More recently, monocyte chemoattractant protein (MCP)-1 has been implicated in the pathways of angiogenesis by promotion of accumulation of cells with angiogenic potential.71–73 Indeed, the delivery of a small number of inflammatory monocytes in sites of ischaemia results in marked increase in the local production of MCP-1, which in turn, is associated with a secondary, more robust wave of monocyte recruitment. Studies of mice genetically deficient in MCP-1 or CCR2 (MCP-1 receptor) indicate that although not required for the early mobilization of monocytes, the secondary wave of monocyte recruitment and subsequent stimulation of angiogenesis are dependent upon CCR2 signalling. Collectively, these data suggest a novel role for MCP-1 in the inflammatory and angiogenic response to ischaemia.73

Granulocyte-macrophage colony-stimulating factor (GM-CSF), is a cytokine with pleiotropic functions.74,75 The beneficial effect of GM-CSF in the treatment of ischaemia-induced tissue damage has been well documented. In fact, GM-CSF has been successfully employed in the treatment of chronic skin ulcers.74 However, the biological effects underlying GM-CSF action in impaired wound healing have been only partly clarified. An appealing theory suggests that GM-CSF augments collateral flow, as shown in a short-term administration of the cytokine in occlusive peripheral artery disease, although responses in the GM-CSF group were quite variable.75

Monocyte-related molecules as biomarkers in HF

The diagnosis and risk-stratification of patients with HF is dependent upon the availability of specific, accurate, and effective disease- or risk-markers. Thus, there is an increasing interest in the development of new cardiovascular biomarkers. Potential markers of HF include neurohormonal mediators, markers of myocyte injury, and indicators of systemic inflammation.

Early in 1990s, Levine et al. described elevated circulating TNF-α levels in patients with HF.76 TNF-α and since then, numerous interleukins (including IL 1, 6, and 18) have since been shown to be produced by nucleated cells of the failing heart.77 More recently, new molecules have been introduced as potential markers in HF. For example, Fas (also termed APO-1) is a member of the TNF-α receptor family that is expressed on a variety of cells, including myocytes. When Fas is activated by the Fas-ligand, it mediates apoptosis and plays an important role in the development and progression of HF.77 Another molecule, ST2 is a member of the IL-1 receptor family, and is a protein secreted by cultured myocytes subjected to mechanical strain.78 Also, the galectins are a family of soluble beta-galactoside-binding lectins that play regulatory roles in inflammation and immunity. Recently, a role for galectin-3 in the pathophysiology of HF has been suggested with its upregulation in hypertrophied hearts, stimulatory effects on macrophage migration, fibroblast proliferation, and the development of fibrosis.79 Thus, serum levels of TNF-α, IL-1, -6, and -18, soluble Fas, ST2, and galectin-3 have been reported elevated in HF patients and these might become useful markers for the risk-stratification of patients with HF and in screening to identify asymptomatic subjects at risk for HF.

Conclusion

There is convincing evidence that monocytes possess preserved plasticity, and are able to transdifferentiate into other non-phagocytic cell types under diverse microenvironments. Recent literature—mostly by in vitro derived data—supports the fact that monocytes include a population of potent PCs actively involved in postnatal vasculogenesis, although, it is not certain that monocytes can become fully functional ECs. There is also convincing evidence to support a significant role of monocytes in the pathways of angiogenesis—a significant step in the process of tissue repair—following ischaemic myocardial injury. Post-ischaemic injury increased monocyte activation is more likely an attempt for tissue repair rather than a deteriorating immune overreaction. Thus, induction rather than inhibition of monocyte activation is a potential therapeutic target (Figure 3).

Figure 3

Representative bibliographic data suggesting the role of monocytes in vascular tissue repair.

Figure 3

Representative bibliographic data suggesting the role of monocytes in vascular tissue repair.

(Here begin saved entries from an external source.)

text \<open>A strategy for A maps the history of B's balls (center, radius) to (a, c, delta).\<close>
definition legal_strategy :: "real \<Rightarrow> (('k::finite cvec \<times> real) list \<Rightarrow> 'k cvec \<times> complex \<times> real) \<Rightarrow> bool" where
  "legal_strategy \<beta> \<sigma> \<longleftrightarrow> (\<forall>hist. hist \<noteq> [] \<longrightarrow> snd (last hist) > 0 \<longrightarrow>
     (case \<sigma> hist of (a, c, \<delta>) \<Rightarrow> a \<noteq> 0 \<and> 0 < \<delta> \<and> \<delta> \<le> \<beta> * snd (last hist)))"

definition consistent_play :: "'k::finite cvec set \<Rightarrow> real \<Rightarrow> (('k cvec \<times> real) list \<Rightarrow> 'k cvec \<times> complex \<times> real)
     \<Rightarrow> (nat \<Rightarrow> 'k cvec \<times> real) \<Rightarrow> bool" where
  "consistent_play \<Omega> \<beta> \<sigma> b \<longleftrightarrow> snd (b 0) > 0 \<and> cball (fst (b 0)) (snd (b 0)) \<subseteq> \<Omega> \<and>
     (\<forall>j. cball (fst (b (Suc j))) (snd (b (Suc j))) \<subseteq> cball (fst (b j)) (snd (b j)) \<and>
          snd (b (Suc j)) \<ge> \<beta> * snd (b j) \<and>
          (case \<sigma> (map b [0..<Suc j]) of (a, c, \<delta>) \<Rightarrow>
             cball (fst (b (Suc j))) (snd (b (Suc j))) \<inter> hnbhd a c \<delta> = {}))"

definition HAW_on :: "'k::finite cvec set \<Rightarrow> 'k cvec set \<Rightarrow> bool" where
  "HAW_on \<Omega> E \<longleftrightarrow> (\<forall>\<beta>. 0 < \<beta> \<and> \<beta> < 1/3 \<longrightarrow>
     (\<exists>\<sigma>. legal_strategy \<beta> \<sigma> \<and>
        (\<forall>b. consistent_play \<Omega> \<beta> \<sigma> b \<longrightarrow> E \<inter> (\<Inter>j. cball (fst (b j)) (snd (b j))) \<noteq> {})))"

definition HAW_quot :: "'k::finite grp set \<Rightarrow> 'k grp set set \<Rightarrow> bool" where
  "HAW_quot \<Gamma> E \<longleftrightarrow> (\<forall>V \<psi>. is_chart \<Gamma> V \<psi> \<longrightarrow> HAW_on V {z \<in> V. \<psi> z \<in> E})"

end

theory Submission
  imports Defs
begin

text \<open>Only the discreteness of the lattices matters. Both sets \<open>E(F)\<close> are compared through
  \<open>\<Delta> = \<Gamma> \<inter> \<Gamma>'\<close>: since \<open>\<Delta>\<close> has finite index, the natural map \<open>G/\<Delta> \<rightarrow> G/\<Gamma>\<close> is continuous,
  closed and has finite fibres, hence proper, so an \<open>F\<close>-orbit in \<open>G/\<Delta>\<close> is relatively compact iff
  its image is; thus \<open>E(F)\<close> in \<open>G/\<Delta>\<close> is the preimage of \<open>E(F)\<close> in \<open>G/\<Gamma>\<close>, and likewise for \<open>\<Gamma>'\<close>.
  A holomorphic chart of \<open>G/\<Gamma>\<close> lifts locally to a holomorphic section \<open>h\<close> into \<open>G\<close>; on a ball
  where \<open>g \<mapsto> g\<Gamma>'\<close> is injective, \<open>w \<mapsto> h(w)\<Gamma>'\<close> is a chart of \<open>G/\<Gamma>'\<close>, and both charts pull the
  two sets \<open>E(F)\<close> back to the same set. Finally, being HAW is a local property: A can glue
  local winning strategies.\<close>

section \<open>The group \<open>SL\<^sub>2(\<complex>)\<^sup>k\<close>\<close>

definition adjugate2 :: "complex^2^2 \<Rightarrow> complex^2^2" where
  "adjugate2 A = (\<chi> j l. if j = 1 then (if l = 1 then A$2$2 else - A$1$2)
                          else (if l = 1 then - A$2$1 else A$1$1))"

However, the available data do not sufficiently establish a causative relation between altered monocyte-derived pathways and progression of HF. It is not clear whether this is a pathway leading to HF or a consequence of the systemic nature of HF. In the first case, mobilization of monocytes could be a potential therapeutic target while in the second case, monocytes number and function could be an excellent disease marker. Moreover, it must be elucidated whether MCs can differentiate to a fully functional EC phenotype or their contribution in angiogenesis and/or vasculogenesis is restricted to the production of vascular growth factors.80 We also need to identify the stimulus that will lead to monocytes' differentiation to PCs, and such stimuli have to be cell-specific and organ-specific in order to limit their action in the desired area. Brain natriuretic peptides, GM-CSF and erythropoietin that have been used up to now as PC activators are neither cell- nor organ-specific.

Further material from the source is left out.